Alep meurtrie, Alep détruite, Alep martyre… On ne sait plus dans quels termes,
qui ne soient pas déjà galvaudés, parler du calvaire de cette ville et de ses
habitants, pris dans des combats qui se déroulent actuellement entre l’Est, tenu
par l’opposition et bombardé par le régime, et l’Ouest, où se trouvent notamment
les chrétiens soumis aux tirs de l’opposition. Surtout, on ne sait plus de quel côté
se ranger. « Nos médias ne rendent compte que des coups du régime, ce qui
donne l’impression que c’est le camp des méchants tandis que celui des rebelles
serait le camp des bons. Mais il n’y a pas de bons, dans l’histoire ! », lance
Thomas Wild, directeur de l’Action chrétienne en Orient (ACO).
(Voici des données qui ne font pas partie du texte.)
(* Let $(\boldsymbol\Sigma,\sigma)$ be a primitive Markov subshift on a countable alphabet. Suppose $u\in C^0(\boldsymbol\Sigma)$ is a bounded sub-action for a bounded above and coercive potential $A\in C^0(\boldsymbol\Sigma)$. If $\mu\in\mathcal M_\sigma$ is an $A$-maximizing probability, then $\mu$ is supported in a Markov subshift on a finite alphabet, i.e. there exists an integer $I\ge0$ with $\operatorname{supp}\mu\subseteq\Sigma_I$.
   Context: Let $\mathbf M:\mathbb Z_+\times\mathbb Z_+\to\{0,1\}$ be a transition matrix. Put $\mathcal B_0=\{i:\mathbf M(i,j)=1\text{ for some }j\}$, $\mathcal B_n=\{i:\mathbf M(i,j)=1\text{ for some }j\in\mathcal B_{n-1}\}$. $\mathbf M$ is primitive if there exist $\mathbb F\subseteq\mathbb Z_+$ and an integer $K_0\ge0$ such that for all $i,j\in\bigcap_{n\ge0}\mathcal B_n$ there are $\ell_1,\dots,\ell_{K_0}\in\mathbb F$ with $\mathbf M(i,\ell_1)\mathbf M(\ell_1,\ell_2)\cdots\mathbf M(\ell_{K_0},j)=1$. $\boldsymbol\Sigma=\{\mathbf x\in\mathbb Z_+^{\mathbb Z_+}:\mathbf M(x_j,x_{j+1})=1\ \forall j\}$ with metric $d(\mathbf x,\mathbf y)=\lambda^{\min\{j:x_j\neq y_j\}}$, $\lambda\in(0,1)$ fixed; $\sigma$ the left shift; $[i]=\{\mathbf x:x_0=i\}$. $\mathcal M_\sigma$ = $\sigma$-invariant Borel probabilities; $\beta_A=\sup_{\mu\in\mathcal M_\sigma}\int A\,d\mu$; $\mu$ is $A$-maximizing if $\int A\,d\mu=\beta_A$. A sub-action for $A$ is a continuous $u$ with $A+u-u\circ\sigma\le\beta_A$ everywhere. $A$ is coercive if $\lim_{i\to+\infty}\sup A|_{[i]}=-\infty$. For an integer $I\ge0$, $\Sigma_I=\{\mathbf x\in\{0,\dots,I\}^{\mathbb Z_+}:\mathbf M(x_j,x_{j+1})=1\ \forall j\}$. *)

theory Defs
  imports "HOL-Probability.Probability"
begin

(* Transition matrices M : Z_+ x Z_+ -> {0,1}, encoded as boolean relations
   (M i j = True  iff  M(i,j) = 1).  Z_+ = {0,1,2,...} = nat. *)

fun Bset :: "(nat \<Rightarrow> nat \<Rightarrow> bool) \<Rightarrow> nat \<Rightarrow> nat set" where
  "Bset M 0 = {i. \<exists>j. M i j}"
| "Bset M (Suc n) = {i. \<exists>j\<in>Bset M n. M i j}"

definition primitive :: "(nat \<Rightarrow> nat \<Rightarrow> bool) \<Rightarrow> bool" where
  "primitive M \<longleftrightarrow> (\<exists>(F::nat set) (K0::nat).
     \<forall>i\<in>(\<Inter>n. Bset M n). \<forall>j\<in>(\<Inter>n. Bset M n).
       \<exists>l::nat \<Rightarrow> nat. l 0 = i \<and> l (Suc K0) = j \<and>
          (\<forall>k\<in>{1..K0}. l k \<in> F) \<and> (\<forall>k\<le>K0. M (l k) (l (Suc k))))"

definition Sigma_M :: "(nat \<Rightarrow> nat \<Rightarrow> bool) \<Rightarrow> (nat \<Rightarrow> nat) set" where
  "Sigma_M M = {x. \<forall>j. M (x j) (x (Suc j))}"

definition Sigma_I :: "(nat \<Rightarrow> nat \<Rightarrow> bool) \<Rightarrow> nat \<Rightarrow> (nat \<Rightarrow> nat) set" where
  "Sigma_I M I = {x. (\<forall>j. x j \<le> I) \<and> (\<forall>j. M (x j) (x (Suc j)))}"

definition shift :: "(nat \<Rightarrow> nat) \<Rightarrow> (nat \<Rightarrow> nat)" where
  "shift x = (\<lambda>j. x (Suc j))"

definition dist_sh :: "real \<Rightarrow> (nat \<Rightarrow> nat) \<Rightarrow> (nat \<Rightarrow> nat) \<Rightarrow> real" where
  "dist_sh lam x y = (if x = y then 0 else lam ^ (LEAST j. x j \<noteq> y j))"

definition cont_on_sh :: "real \<Rightarrow> (nat \<Rightarrow> nat) set \<Rightarrow> ((nat \<Rightarrow> nat) \<Rightarrow> real) \<Rightarrow> bool" where
  "cont_on_sh lam S f \<longleftrightarrow> (\<forall>x\<in>S. \<forall>e>0. \<exists>r>0. \<forall>y\<in>S. dist_sh lam x y < r \<longrightarrow> \<bar>f y - f x\<bar> < e)"

definition open_sh :: "real \<Rightarrow> (nat \<Rightarrow> nat) set \<Rightarrow> (nat \<Rightarrow> nat) set set" where
  "open_sh lam S = {U. U \<subseteq> S \<and> (\<forall>x\<in>U. \<exists>r>0. \<forall>y\<in>S. dist_sh lam x y < r \<longrightarrow> y \<in> U)}"

definition borel_sh :: "real \<Rightarrow> (nat \<Rightarrow> nat) set \<Rightarrow> (nat \<Rightarrow> nat) set set" where
  "borel_sh lam S = sigma_sets S (open_sh lam S)"

definition invariant_probs :: "real \<Rightarrow> (nat \<Rightarrow> nat \<Rightarrow> bool) \<Rightarrow> (nat \<Rightarrow> nat) measure set" where
  "invariant_probs lam M = {mu. prob_space mu \<and> space mu = Sigma_M M \<and>
      sets mu = borel_sh lam (Sigma_M M) \<and> shift \<in> measurable mu mu \<and>
      (\<forall>B\<in>sets mu. emeasure mu (shift -` B \<inter> space mu) = emeasure mu B)}"

(* integral of a function that is bounded above, valued in [-\<infinity>, \<infinity>) *)
definition int_ext :: "(nat \<Rightarrow> nat) measure \<Rightarrow> ((nat \<Rightarrow> nat) \<Rightarrow> real) \<Rightarrow> ereal" where
  "int_ext mu A = enn2ereal (\<integral>\<^sup>+ x. ennreal (A x) \<partial>mu) - enn2ereal (\<integral>\<^sup>+ x. ennreal (- A x) \<partial>mu)"

definition beta :: "real \<Rightarrow> (nat \<Rightarrow> nat \<Rightarrow> bool) \<Rightarrow> ((nat \<Rightarrow> nat) \<Rightarrow> real) \<Rightarrow> ereal" where
  "beta lam M A = (SUP mu \<in> invariant_probs lam M. int_ext mu A)"

definition maximizing :: "real \<Rightarrow> (nat \<Rightarrow> nat \<Rightarrow> bool) \<Rightarrow> ((nat \<Rightarrow> nat) \<Rightarrow> real) \<Rightarrow> (nat \<Rightarrow> nat) measure \<Rightarrow> bool" where
  "maximizing lam M A mu \<longleftrightarrow> mu \<in> invariant_probs lam M \<and> int_ext mu A = beta lam M A"

definition sub_action :: "real \<Rightarrow> (nat \<Rightarrow> nat \<Rightarrow> bool) \<Rightarrow> ((nat \<Rightarrow> nat) \<Rightarrow> real) \<Rightarrow> ((nat \<Rightarrow> nat) \<Rightarrow> real) \<Rightarrow> bool" where
  "sub_action lam M A u \<longleftrightarrow> cont_on_sh lam (Sigma_M M) u \<and>
     (\<forall>x\<in>Sigma_M M. ereal (A x + u x - u (shift x)) \<le> beta lam M A)"

definition coercive :: "(nat \<Rightarrow> nat \<Rightarrow> bool) \<Rightarrow> ((nat \<Rightarrow> nat) \<Rightarrow> real) \<Rightarrow> bool" where
  "coercive M A \<longleftrightarrow> (\<forall>C::real. \<exists>N. \<forall>i\<ge>N. \<forall>x\<in>Sigma_M M. x 0 = i \<longrightarrow> A x \<le> C)"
Parmi ses nombreux contacts, le pasteur Hadi Ghantous lui confiait que « les
rebelles modérés n’existent que dans l’imaginaire de Hollande et d’Obama. Il n’y
a plus qu’une opposition islamiste ».

Soutien chrétien à Bachar
En outre, Bachar el-Assad n’a pas perdu tout soutien côté chrétien. Pour
Monseigneur Jean-Clément Jeanbart, ce président est « là pour défendre son pays
». La ligne de l’archevêque d’Alep n’a pas varié depuis le début de la guerre. «
Les minorités se cachent derrière des pouvoirs forts car elles ont l’impression
qu’il les protège, mais cela peut tout à fait se retourner contre elles », nuance
Matthieu Rey, chargé de recherche à l’IREMAM-CNRS.

Certains chrétiens considèrent que sans Bachar el-Assad ce serait le chaos, mais
la survivance d’une minorité opprimée est-elle satisfaisante pour autant ? « Les
élites chrétiennes ne veulent pas voir que sous les Assad, la population chrétienne
syrienne a très nettement décliné, ajoute le chercheur. Sa jeunesse est partie, ce
qui a conduit à un effritement progressif de la communauté. » On voit donc mal
quel avenir le régime actuel pourrait lui assurer.
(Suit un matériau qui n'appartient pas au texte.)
definition takagi :: "real \<Rightarrow> real" where
  "takagi x = (\<Sum>n. (1/2) ^ (Suc n) * (tent ^^ (Suc n)) x)"

text \<open>k-th binary digit of x (k >= 1); for dyadic x this is the expansion ending in zeros.\<close>
definition bdigit :: "real \<Rightarrow> nat \<Rightarrow> nat" where
  "bdigit x k = nat (\<lfloor>2 ^ k * x\<rfloor> mod 2)"

text \<open>Set of indices k >= 1 with binary digit 0; b_{n+1} = enumerate (zero_digits x) n.\<close>
definition zero_digits :: "real \<Rightarrow> nat set" where
  "zero_digits x = {k. 1 \<le> k \<and> bdigit x k = 0}"

end

theory Submission
  imports Defs
begin

text \<open>
  Continue Takagi's function 1-periodically to \<open>takagi_ext z = (\<Sum>n. dist_int (2^n z) / 2^n)\<close>.
  Each summand is affine, with slope \<open>\<plusminus>1\<close> given by the binary digit \<open>\<epsilon>(n+1)\<close> of \<open>x\<close>, as long as
  \<open>x\<close> and \<open>x + h\<close> lie in the same dyadic interval of length \<open>2^-(n+1)\<close>. Summing the first
  \<open>m \<approx> log\<^sub>2 (1/h)\<close> terms, \<open>T(x+h) - T(x)\<close> is \<open>h\<close> times the excess of zeros over ones among the
  first \<open>m\<close> digits, up to an error \<open>2h\<close> for every level at which \<open>x\<close> and \<open>x + h\<close> are separated;
  such levels form a run of ones ending at digit \<open>m\<close>. Hence the slope tends to \<open>d\<^sub>0 - d\<^sub>1\<close> as
  soon as the runs of ones ending at \<open>m\<close> have length \<open>o(m)\<close>, which holds if \<open>d\<^sub>1 < 1\<close>, and
  for \<open>d\<^sub>1 = 1\<close> exactly when \<open>b(n+1) / b(n) \<longrightarrow> 1\<close>. If instead \<open>b(n+1) \<ge> (1 + \<delta>) b(n)\<close>
  infinitely often, suitable increments along these long runs produce every slope
  \<open>(\<theta> - 1) / (1 + \<theta>)\<close> with \<open>0 < \<theta> < \<delta>\<close>, so there is no limit.
\<close>

section \<open>Binary digits\<close>

lemma floor_double: "\<lfloor>2 * (z::real)\<rfloor> = 2 * \<lfloor>z\<rfloor> + (if frac z \<ge> 1/2 then 1 else 0)"
proof -
  have "2 * z = of_int (2 * \<lfloor>z\<rfloor>) + 2 * frac z" by (simp add: frac_def)
  then have "\<lfloor>2 * z\<rfloor> = 2 * \<lfloor>z\<rfloor> + \<lfloor>2 * frac z\<rfloor>" by (metis floor_add_int add.commute)
  moreover have "\<lfloor>2 * frac z\<rfloor> = (if frac z \<ge> 1/2 then 1 else 0)"
    using frac_lt_1[of z] frac_ge_0[of z] by (auto simp: floor_eq_iff)
  ultimately show ?thesis by simp
qed

lemma frac_double: "frac (2 * (z::real)) = 2 * frac z - (if frac z \<ge> 1/2 then 1 else 0)"
  using floor_double[of z] by (simp add: frac_def)

lemma bdigit_Suc: "bdigit x (Suc k) = (if frac (2^k * x) \<ge> 1/2 then 1 else 0)"
proof -
  have e: "(2::real)^Suc k * x = 2 * (2^k * x)" by simp
  show ?thesis unfolding bdigit_def e floor_double[of "2^k * x"] by auto
qed

lemma frac_pow2_Suc: "frac (2^Suc k * x) = 2 * frac (2^k * x) - real (bdigit x (Suc k))"
proof -
  have e: "(2::real)^Suc k * x = 2 * (2^k * x)" by simp
  show ?thesis unfolding e frac_double[of "2^k * x"] bdigit_Suc[of x k] by auto
qed

lemma bdigit_le_1: "bdigit x k \<le> 1"
  unfolding bdigit_def by auto

definition ones_run :: "real \<Rightarrow> nat \<Rightarrow> nat \<Rightarrow> bool" where
  "ones_run x K m \<longleftrightarrow> (\<forall>i. K < i \<and> i \<le> m \<longrightarrow> bdigit x i = 1)"

lemma ones_run_iff_frac: "ones_run x K (K + j) \<longleftrightarrow> 1 - 1/2^j \<le> frac (2^K * x)"
proof (induction j arbitrary: K)
  case 0
  then show ?case using frac_ge_0 by (simp add: ones_run_def)
next
  case (Suc j)
  have run_Suc: "ones_run x K (K + Suc j) \<longleftrightarrow> bdigit x (Suc K) = 1 \<and> ones_run x (Suc K) (Suc K + j)"
    unfolding ones_run_def by (auto simp: Suc_le_eq) (metis Suc_lessI)
  have half: "1 - 1/2^Suc j \<le> frac (2^K * x) \<Longrightarrow> 1/2 \<le> frac (2^K * x)"
  proof -
    have "(1::real)/2^Suc j \<le> 1/2" by (simp add: power_le_one_iff)
    then show "1 - 1/2^Suc j \<le> frac (2^K * x) \<Longrightarrow> 1/2 \<le> frac (2^K * x)" by linarith
  qed
  show ?case
    unfolding run_Suc Suc.IH frac_pow2_Suc bdigit_Suc using half by auto
qed

lemma infinite_zero_digits: "infinite (zero_digits x)"
proof
  assume "finite (zero_digits x)"
  then obtain N where N: "\<forall>k\<in>zero_digits x. k < N"
    using finite_nat_bounded by (metis lessThan_iff subset_eq)
  have "ones_run x N (N + j)" for j
    unfolding ones_run_def
  proof (intro allI impI)
    fix i assume "N < i \<and> i \<le> N + j"
    then have "i \<notin> zero_digits x" and "1 \<le> i" using N by auto
    then show "bdigit x i = 1" using bdigit_le_1[of x i] by (auto simp: zero_digits_def)
  qed
  then have run: "1 - (1/2)^j \<le> frac (2^N * x)" for j
    by (simp add: ones_run_iff_frac power_one_over)
  obtain j where "(1/2::real)^j < 1 - frac (2^N * x)"
    using frac_lt_1[of "2^N * x"] real_arch_pow_inv[of "1 - frac (2^N * x)" "1/2"] by auto
  with run[of j] show False by linarith
qed

section \<open>Takagi's function on the real line\<close>

definition dist_int :: "real \<Rightarrow> real" where
  "dist_int z = (if frac z \<le> 1/2 then frac z else 1 - frac z)"

lemma dist_int_nonneg: "0 \<le> dist_int z" and dist_int_le_half: "dist_int z \<le> 1/2"
  unfolding dist_int_def using frac_ge_0[of z] frac_lt_1[of z] by auto

lemma dist_int_le: "dist_int z \<le> \<bar>z - of_int n\<bar>"
proof -
  have z: "z = of_int \<lfloor>z\<rfloor> + frac z" by (simp add: frac_def)
  show ?thesis
  proof (cases "n \<le> \<lfloor>z\<rfloor>")
    case True
    then have "of_int n \<le> (of_int \<lfloor>z\<rfloor>::real)" by simp
    then show ?thesis using frac_ge_0[of z] unfolding dist_int_def by (subst z, auto)
  next
    case False
    then have "of_int n \<ge> (of_int \<lfloor>z\<rfloor>::real) + 1" by linarith
    then show ?thesis using frac_lt_1[of z] unfolding dist_int_def by (subst z, auto)
  qed
qed

lemma dist_int_attained: "\<exists>n. dist_int z = \<bar>z - of_int n\<bar>"
proof (cases "frac z \<le> 1/2")
  case True
  then have "dist_int z = \<bar>z - of_int \<lfloor>z\<rfloor>\<bar>"
    unfolding dist_int_def using frac_ge_0[of z] by (simp add: frac_def)
  then show ?thesis by blast
next
  case False
  then have "dist_int z = \<bar>z - of_int (\<lfloor>z\<rfloor> + 1)\<bar>"
    unfolding dist_int_def using frac_lt_1[of z] by (simp add: frac_def)
  then show ?thesis by blast
qed

lemma dist_int_lipschitz: "\<bar>dist_int a - dist_int b\<bar> \<le> \<bar>a - b\<bar>"
proof -
  obtain na nb where "dist_int a = \<bar>a - of_int na\<bar>" "dist_int b = \<bar>b - of_int nb\<bar>"
    using dist_int_attained by metis
  moreover have "dist_int a \<le> \<bar>a - of_int nb\<bar>" "dist_int b \<le> \<bar>b - of_int na\<bar>"
    by (rule dist_int_le)+
  ultimately show ?thesis by linarith
qed

lemma dist_int_add_of_int: "dist_int (z + of_int n) = dist_int z"
  unfolding dist_int_def by simp

lemma dist_int_diff_same_half:
  assumes "\<lfloor>2 * a\<rfloor> = \<lfloor>2 * b\<rfloor>"
  shows "dist_int b - dist_int a = (if frac a \<ge> 1/2 then -1 else 1) * (b - a)"
proof -
  let ?da = "(if frac a \<ge> 1/2 then 1 else 0)::int"
  let ?db = "(if frac b \<ge> 1/2 then 1 else 0)::int"
  have "2 * \<lfloor>a\<rfloor> + ?da = 2 * \<lfloor>b\<rfloor> + ?db"
    using assms floor_double[of a] floor_double[of b] by simp
  then have fl: "\<lfloor>a\<rfloor> = \<lfloor>b\<rfloor>" and same: "?da = ?db" by (auto split: if_splits) presburger+
  have "frac b - frac a = b - a" using fl by (simp add: frac_def)
  then show ?thesis using same unfolding dist_int_def by (auto split: if_splits)
qed

lemma dist_int_double: "tent (2 * dist_int z) = 2 * dist_int (2 * z)"
  using frac_ge_0[of z] frac_lt_1[of z]
  unfolding tent_def dist_int_def frac_double[of z] by auto

text \<open>On \<open>[0, 1]\<close> the \<open>n\<close>-th tent iterate is \<open>2 dist_int (2^(n-1) x)\<close> (\<open>funpow_tent\<close>), so this
  continues Takagi's function 1-periodically to the whole line.\<close>

definition takagi_ext :: "real \<Rightarrow> real" where
  "takagi_ext z = (\<Sum>n. dist_int (2^n * z) / 2^n)"

lemma summable_takagi_ext: "summable (\<lambda>n. dist_int (2^n * z) / 2^n)"
proof (rule summable_comparison_test'[of "\<lambda>n. (1/2::real)^n" 0])
  fix n :: nat
  have "dist_int (2^n * z) / 2^n \<le> 1 / 2^n"
    using dist_int_le_half[of "2^n * z"] by (simp add: divide_right_mono)
  then show "norm (dist_int (2^n * z) / 2^n) \<le> (1/2)^n"
    using dist_int_nonneg[of "2^n * z"] by (simp add: power_one_over)
qed simp

lemma takagi_ext_split:
  "takagi_ext z = (\<Sum>n<m. dist_int (2^n * z) / 2^n) + takagi_ext (2^m * z) / 2^m"
proof -
  have "(\<lambda>n. dist_int (2^(n + m) * z) / 2^(n + m)) = (\<lambda>n. dist_int (2^n * (2^m * z)) / 2^n / 2^m)"
    by (simp add: power_add mult.assoc)
  then have "(\<Sum>n. dist_int (2^(n + m) * z) / 2^(n + m)) = takagi_ext (2^m * z) / 2^m"
    unfolding takagi_ext_def using suminf_divide[OF summable_takagi_ext[of "2^m * z"]] by simp
  then show ?thesis
    unfolding takagi_ext_def using suminf_split_initial_segment[OF summable_takagi_ext, of z m] by simp
qed

lemma takagi_ext_bounds: "0 \<le> takagi_ext z" "takagi_ext z \<le> 1"
proof -
  show "0 \<le> takagi_ext z"
    unfolding takagi_ext_def by (rule suminf_nonneg[OF summable_takagi_ext]) (simp add: dist_int_nonneg)
  have "takagi_ext z \<le> (\<Sum>n. (1/2::real)^n / 2)"
    unfolding takagi_ext_def
  proof (rule suminf_le[OF _ summable_takagi_ext])
    fix n :: nat
    have "dist_int (2^n * z) / 2^n \<le> (1/2) / 2^n"
      using dist_int_le_half[of "2^n * z"] by (rule divide_right_mono) simp
    then show "dist_int (2^n * z) / 2^n \<le> (1/2)^n / 2" by (simp add: power_one_over)
  qed (simp add: summable_divide)
  also have "\<dots> = 1"
    using suminf_divide[of "\<lambda>n. (1/2::real)^n" 2] suminf_geometric[of "1/2::real"] by simp
  finally show "takagi_ext z \<le> 1" .
qed

lemma takagi_ext_add_of_int: "takagi_ext (z + of_int k) = takagi_ext z"
proof -
  have "dist_int (2^n * (z + of_int k)) = dist_int (2^n * z)" for n :: nat
  proof -
    have "2^n * (z + of_int k) = 2^n * z + of_int (2^n * k)" by (simp add: algebra_simps)
    then show ?thesis by (simp only: dist_int_add_of_int)
  qed
  then show ?thesis unfolding takagi_ext_def by simp
qed

lemma takagi_ext_of_int: "takagi_ext (of_int k) = 0"
  using takagi_ext_add_of_int[of 0 k] by (simp add: takagi_ext_def dist_int_def)

lemma takagi_ext_inverse_pow2: "takagi_ext (1/2^t) = real t / 2^t"
proof -
  have "dist_int (2^n * (1/2^t)) / 2^n = 1/2^t" if "n < t" for n
  proof -
    have e: "(2::real)^n * (1/2^t) = 1/2^(t - n)" using that by (simp add: power_diff)
    have "(2::real)^1 \<le> 2^(t - n)" by (rule power_increasing) (use that in auto)
    then have "(1::real)/2^(t - n) \<le> 1/2" by (simp add: divide_le_cancel)
    then have "dist_int (2^n * (1/2^t)) = 1/2^(t - n)" unfolding e dist_int_def by (simp add: frac_eq)
    then show ?thesis using that by (simp add: power_diff)
  qed
  moreover have "takagi_ext (2^t * (1/2^t)) = 0" using takagi_ext_of_int[of 1] by simp
  ultimately show ?thesis using takagi_ext_split[of "1/2^t" t] by simp
qed

lemma funpow_tent: "0 \<le> x \<Longrightarrow> x \<le> 1 \<Longrightarrow> (tent ^^ Suc n) x = 2 * dist_int (2^n * x)"
proof (induction n)
  case 0
  have "2 * dist_int (x/2) = x" using 0 unfolding dist_int_def by (simp add: frac_eq)
  then show ?case using dist_int_double[of "x/2"] by simp
next
  case (Suc n)
  then show ?case by (simp add: dist_int_double mult.assoc)
qed

lemma takagi_eq_takagi_ext: "0 \<le> x \<Longrightarrow> x \<le> 1 \<Longrightarrow> takagi x = takagi_ext x"
  unfolding takagi_def takagi_ext_def using funpow_tent by (simp add: power_one_over)

section \<open>Increments of Takagi's function\<close>

text \<open>Zeros minus ones among the first \<open>m\<close> digits, so \<open>digit_excess x n / n\<close> tends to \<open>d\<^sub>0 - d\<^sub>1\<close>.\<close>

definition digit_excess :: "real \<Rightarrow> nat \<Rightarrow> real" where
  "digit_excess a m = (\<Sum>n<m. 1 - 2 * real (bdigit a (Suc n)))"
Si le soutien chrétien à Bachar el-Assad est si peu remis en cause, il y a plusieurs
raisons. D’une part, il est historique. Le président syrien a toujours bénéficié de
l’appui d’une partie de la population, « en particulier les minorités
confessionnelles mais également une partie de la population arabe sunnite, qui
avaient tout à craindre d’un régime dominé par des islamistes », affirme Fabrice
Balanche, maître de conférences en géographie à l’université Lyon 2. Son pouvoir
n’était pas aussi précaire que celui d’autres dirigeants : « Si nous revenons sur les
débuts de la crise syrienne en 2011-2012, il faut souligner que la plupart des
médias occidentaux se sont enthousiasmés au-delà du raisonnable pour le
printemps arabe, et qu’ils considéraient la Syrie comme la Tunisie », précise ce
spécialiste du Moyen-Orient.

D’autre part, le calme relatif qui règne dans la zone sous contrôle
gouvernemental joue en faveur du régime. Ceux qui réussissent à s’y réfugier
bénéficient de l’aide humanitaire et de services publics. « Les citoyens [y] sont
tranquilles », avance Monseigneur Jeanbart. Des propos qui doivent absolument
être mis en regard des informations recueillies par Amnesty international sur la
mainmise qu’exerce l’État sur ces citoyens en détresse.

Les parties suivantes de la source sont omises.